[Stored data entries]
• • • • •
lemma reflect_midpoint: "reflect ps (ps ! (k div 2)) = ps ! (k div 2)"
  using reflect_nth[OF distinct_ps, of "k div 2"] len k_even by auto

lemma first_half_adj_induced:
  assumes "u \<in> set (take (k div 2) ps)" "adj (induced_edges E (B \<union> set ps)) u v"
  shows "adj (induced_edges E' (B \<union> set ps)) u v
    \<and> v \<in> insert (ps ! (k div 2)) (set (take (k div 2) ps))"
proof -
  have in_take: "ps ! i \<in> set (take (k div 2) ps)" if "i < k div 2" for i
    using that len by (force simp: in_set_conv_nth)
  obtain j where j: "j < k div 2" "u = ps ! j"
    using assms(1) len by (auto simp: in_set_conv_nth)
  have uv: "adj E u v" "u \<in> B \<union> set ps" "v \<in> B \<union> set ps"
    using assms(2) by (auto simp: adj_induced_iff)
  then consider "v = ps ! Suc j" | "0 < j" "v = ps ! (j - 1)"
    using adj_along_path[of j v] j by fastforce
  then show ?thesis
  proof cases
    case 1
    then have "v \<in> insert (ps ! (k div 2)) (set (take (k div 2) ps))"
      using in_take[of "Suc j"] j by (cases "Suc j = k div 2") auto
    then show ?thesis
      using 1 adj_E'_Suc[of j] j uv by (auto simp: adj_induced_iff)
  next
    case 2
    then have "adj E' (ps ! (j - 1)) (ps ! j)" using adj_E'_Suc[of "j - 1"] j by simp
    then show ?thesis
      using 2 j uv in_take[of "j - 1"] by (auto simp: adj_induced_iff intro: adj_sym)
  qed
qed

end

theorem corollary3:
  fixes V :: "'a set" and E :: "'a set set" and ps :: "'a list" and k :: nat and l :: nat
  assumes tree: "is_tree V E"
    and path: "is_path E ps" and set_ps: "set ps \<subseteq> V"
    and len: "length ps = Suc k" and k1: "k \<ge> 1"
    and deg2: "\<forall>i. 1 \<le> i \<and> i \<le> k - 1 \<longrightarrow> degree E (ps ! i) = 2"
    and B_def: "B = component V (E - path_edges ps) (ps ! k)"
    and N_def: "N = nbrs E (ps ! k) - {ps ! (k - 1)}"
    and E'_def: "E' = (E - {{ps ! k, u} | u. u \<in> N}) \<union> {{ps ! 0, u} | u. u \<in> N}"
    and keven: "even k"
    and l1: "l \<ge> 1"
  shows "int (num_walks l (ps ! 0) (induced_edges E (B \<union> set ps))) - int (num_walks l (ps ! 0) (path_edges ps))
         \<le> int (num_walks l (ps ! 0) (induced_edges E' (B \<union> set ps))) - int (num_walks l (ps ! 0) (path_edges ps))"
proof -
  have "2 \<le> k" using k1 keven by presburger
  then interpret branch_transfer V E ps k B N E'
    using tree path len deg2 B_def N_def E'_def keven by unfold_locales (auto simp: is_tree_def)
  have "finite (B \<union> set ps)"
    using tree by (auto simp: B_def component_def is_tree_def simple_graph_def)
  then have "finite (walks (induced_edges E' (B \<union> set ps)) (ps ! 0) l)"
    by (rule finite_walks_induced)
  moreover have "ps ! 0 \<in> insert (ps ! (k div 2)) (set (take (k div 2) ps))"
    using \<open>2 \<le> k\<close> len by (force simp: in_set_conv_nth)
  ultimately have "card (walks (induced_edges E (B \<union> set ps)) (ps ! 0) l)
      \<le> card (walks (induced_edges E' (B \<union> set ps)) (ps ! 0) l)"
    using card_walks_le_if_switching[OF reflect_reflect[OF distinct_ps] reflect_midpoint
        reflect_adj_induced first_half_adj_induced]
    by blast
  then show ?thesis by (simp add: num_walks_def)
qed

end
lemma flow_lipschitz:
  obtains L where "L > 0" "\<And>y0 y1 t. y0 \<in> {-2..2} \<Longrightarrow> y1 \<in> {-2..2} \<Longrightarrow> t \<in> {0..1} \<Longrightarrow>
    \<bar>xi t y1 - xi t y0\<bar> + \<bar>eta t y1 - eta t y0\<bar> \<le> L * \<bar>y1 - y0\<bar>"
proof -
  obtain R where "R \<ge> 0" and R: "\<And>y t. y \<in> {-2..2} \<Longrightarrow> t \<in> {0..1} \<Longrightarrow> \<bar>eta t y\<bar> \<le> R"
    using eta_box_bound by blast
  obtain K where "K \<ge> 0" and K: "\<And>y0 y1 e0 e1. y0 \<in> {-2..2} \<Longrightarrow> y1 \<in> {-2..2} \<Longrightarrow> \<bar>e1\<bar> \<le> R \<Longrightarrow>
      \<bar>F y1 e1 - F y0 e0\<bar> + \<bar>\<phi> y1 - \<phi> y0\<bar> \<le> K * (\<bar>y1 - y0\<bar> + \<bar>e1 - e0\<bar>)"
    using vector_field_lipschitz[OF \<open>R \<ge> 0\<close>] by blast
  obtain LW where "LW \<ge> 0" and LW: "\<And>y z. y \<in> {-2..2} \<Longrightarrow> z \<in> {-2..2} \<Longrightarrow>
      \<bar>w y - w z\<bar> \<le> LW * \<bar>y - z\<bar>"
    using lipschitz_on_Icc_of_continuous_deriv[OF w_deriv continuous_w(2)] by blast
  have "\<bar>xi t y1 - xi t y0\<bar> + \<bar>eta t y1 - eta t y0\<bar>
      \<le> (2 * (1 + LW) * exp (2 * K + 1)) * \<bar>y1 - y0\<bar>"
    if y: "y0 \<in> {-2..2}" "y1 \<in> {-2..2}" and t: "t \<in> {0..1}" for y0 y1 t
  proof -
    define f where "f = (\<lambda>s. xi s y1 - xi s y0)"
    define g where "g = (\<lambda>s. eta s y1 - eta s y0)"
    have "(f has_real_derivative F (xi s y1) (eta s y1) - F (xi s y0) (eta s y0)) (at s)"
      "(g has_real_derivative \<phi> (xi s y1) - \<phi> (xi s y0)) (at s)" for s
      unfolding f_def g_def by (intro DERIV_diff xi_deriv eta_deriv)+
    moreover have "\<bar>F (xi s y1) (eta s y1) - F (xi s y0) (eta s y0)\<bar> + \<bar>\<phi> (xi s y1) - \<phi> (xi s y0)\<bar>
        \<le> K * (\<bar>f s\<bar> + \<bar>g s\<bar>) + 0" if s: "s \<in> {0..1}" for s
      unfolding f_def g_def using K xi_in_box[OF y(1)] xi_in_box[OF y(2)] R[OF y(2) s] s by simp
    ultimately have "\<bar>f t\<bar> + \<bar>g t\<bar> \<le> 2 * (\<bar>f 0\<bar> + \<bar>g 0\<bar> + 0) * exp ((2 * K + 1) * t)"
      by (intro gronwall_abs_sum[of f _ g _ 1 K 0 t] \<open>K \<ge> 0\<close> t) auto
    also have "\<dots> \<le> 2 * ((1 + LW) * \<bar>y1 - y0\<bar>) * exp (2 * K + 1)"
    proof (rule mult_mono)
      show "exp ((2 * K + 1) * t) \<le> exp (2 * K + 1)" using t \<open>K \<ge> 0\<close> by (simp add: mult_left_le)
      show "2 * (\<bar>f 0\<bar> + \<bar>g 0\<bar> + 0) \<le> 2 * ((1 + LW) * \<bar>y1 - y0\<bar>)"
        using LW[OF y(2,1)] by (simp add: f_def g_def xi_init eta_init algebra_simps)
    qed (use \<open>LW \<ge> 0\<close> in auto)
    finally show ?thesis by (simp add: f_def g_def algebra_simps)
  qed
  moreover have "2 * (1 + LW) * exp (2 * K + 1) > 0" using \<open>LW \<ge> 0\<close> by simp
  ultimately show ?thesis using that by blast
qed

end

section \<open>Differentiability in the initial point\<close>

locale char_system_at = char_system +
  fixes x :: real
  assumes x_in: "x \<in> {a..b}"
begin

text \<open>The Jacobian of the vector field \<open>(F, \<phi>)\<close> along the trajectory through \<open>x\<close>.\<close>

abbreviation "a11 t \<equiv> F_const' (xi t x) + eta t x * - \<phi>'' (xi t x)"
abbreviation "a12 t \<equiv> - \<phi>' (xi t x)"
abbreviation "a21 t \<equiv> \<phi>' (xi t x)"

lemma coeff_bounds:
  assumes t: "t \<in> {0..1}"
  shows "\<bar>a11 t\<bar> + \<bar>a21 t\<bar> \<le> coeff_const M * N" "\<bar>a12 t\<bar> \<le> coeff_const M * N"
proof -
  have xi: "xi t x \<in> {a..b}" using xi_in_interval[OF x_in] t by simp
  have "\<bar>w2 (xi t x) * \<phi> (xi t x)\<bar> \<le> M * N"
    unfolding abs_mult using w_bounds(3)[OF xi] phi_bounds(1) M_nonneg by (intro mult_mono) auto
  moreover have "\<bar>(eta t x - w (xi t x)) * \<phi>'' (xi t x)\<bar> \<le> gap_const M * N * 1"
    unfolding abs_mult using gap_bound[OF x_in t] order_trans[OF phi_bounds(3) phi_norm]
    by (intro mult_mono) auto
  moreover have "a11 t = - w2 (xi t x) * \<phi> (xi t x) - (eta t x - w (xi t x)) * \<phi>'' (xi t x)"
    by (simp add: algebra_simps)
  ultimately show "\<bar>a11 t\<bar> + \<bar>a21 t\<bar> \<le> coeff_const M * N"
    using phi_bounds(2)[of "xi t x"] by (simp add: coeff_const_def algebra_simps)
  have "1 \<le> coeff_const M" using M_nonneg by (simp add: coeff_const_def gap_const_def)
  from mult_right_mono[OF this phi_bounds(4)] phi_bounds(2)[of "xi t x"]
  show "\<bar>a12 t\<bar> \<le> coeff_const M * N" by simp
qed

abbreviation "dxi h t \<equiv> xi t (x + h) - xi t x"
abbreviation "deta h t \<equiv> eta t (x + h) - eta t x"
abbreviation "res_xi h t \<equiv> F (xi t (x + h)) (eta t (x + h)) - F (xi t x) (eta t x)
    - (a11 t * dxi h t + a12 t * deta h t)"
abbreviation "res_eta h t \<equiv> \<phi> (xi t (x + h)) - \<phi> (xi t x) - a21 t * dxi h t"
lemma accel_iff:
  assumes "eps * a \<in> admissible"
  shows "(T (eps * a))^2 * c + l * b + a + eps * (T (eps * a) * T' (eps * a) + gamma l (eps * b)) * b^2 = 0
    \<longleftrightarrow> c = accel a b"
  using tau0_pos[OF assms] by (auto simp: accel_def field_simps)

lemma accel_eq_products:
  "accel a b = (-1) * ((l * b + a + eps * ((T (eps * a) * T' (eps * a) + gamma l (eps * b)) * (b * b)))
     * (inverse (T (eps * a)) * inverse (T (eps * a))))"
  by (simp add: accel_def power2_eq_square algebra_simps)

lemma smooth_on_tau0_mult_tau0': "smooth_on admissible (\<lambda>r. T r * T' r)"
  by (rule smooth_on_mult[OF smooth_on_tau0 smooth_on_tau0' dense_in_itself_admissible])

lemma smooth_on_inverse_tau0: "smooth_on admissible (\<lambda>r. inverse (T r))"
  by (rule smooth_on_inverse_compose[OF smooth_on_tau0 dense_in_itself_admissible])
     (metis tau0_pos less_irrefl)

definition B0 :: real where "B0 = \<bar>d0\<bar> / T (eps * \<bar>d0\<bar>)"

lemma d0_admissible: "eps * \<bar>d0\<bar> \<in> admissible"
proof -
  have "0 \<le> eps * \<bar>d0\<bar>" using eps_nonneg by simp
  then show ?thesis using h_min_pos by (simp add: admissible_def)
qed

lemma B0_nonneg: "B0 \<ge> 0"
  using tau0_pos[OF d0_admissible] by (simp add: B0_def)

text \<open>Half-widths of a box around the data on which the coefficients are defined and which
  the solution never leaves; any \<open>A\<close>, \<open>B\<close> with these properties would do.\<close>
definition A :: real where "A = (SOME A. A > \<bar>d0\<bar> \<and> eps * A < h_min)"
definition B :: real where "B = (SOME B. B > B0 \<and> l * eps * B < 2 * r0)"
• • • • •
Problem
Your answer should be the exact lines above from the one with "using 2 j uv" through the one with "card (walks (induced_edges E'", both included, and nothing besides.

Output of the task
      using 2 j uv in_take[of "j - 1"] by (auto simp: adj_induced_iff intro: adj_sym)
  qed
qed

end

theorem corollary3:
  fixes V :: "'a set" and E :: "'a set set" and ps :: "'a list" and k :: nat and l :: nat
  assumes tree: "is_tree V E"
    and path: "is_path E ps" and set_ps: "set ps \<subseteq> V"
    and len: "length ps = Suc k" and k1: "k \<ge> 1"
    and deg2: "\<forall>i. 1 \<le> i \<and> i \<le> k - 1 \<longrightarrow> degree E (ps ! i) = 2"
    and B_def: "B = component V (E - path_edges ps) (ps ! k)"
    and N_def: "N = nbrs E (ps ! k) - {ps ! (k - 1)}"
    and E'_def: "E' = (E - {{ps ! k, u} | u. u \<in> N}) \<union> {{ps ! 0, u} | u. u \<in> N}"
    and keven: "even k"
    and l1: "l \<ge> 1"
  shows "int (num_walks l (ps ! 0) (induced_edges E (B \<union> set ps))) - int (num_walks l (ps ! 0) (path_edges ps))
         \<le> int (num_walks l (ps ! 0) (induced_edges E' (B \<union> set ps))) - int (num_walks l (ps ! 0) (path_edges ps))"
proof -
  have "2 \<le> k" using k1 keven by presburger
  then interpret branch_transfer V E ps k B N E'
    using tree path len deg2 B_def N_def E'_def keven by unfold_locales (auto simp: is_tree_def)
  have "finite (B \<union> set ps)"
    using tree by (auto simp: B_def component_def is_tree_def simple_graph_def)
  then have "finite (walks (induced_edges E' (B \<union> set ps)) (ps ! 0) l)"
    by (rule finite_walks_induced)
  moreover have "ps ! 0 \<in> insert (ps ! (k div 2)) (set (take (k div 2) ps))"
    using \<open>2 \<le> k\<close> len by (force simp: in_set_conv_nth)
  ultimately have "card (walks (induced_edges E (B \<union> set ps)) (ps ! 0) l)
      \<le> card (walks (induced_edges E' (B \<union> set ps)) (ps ! 0) l)"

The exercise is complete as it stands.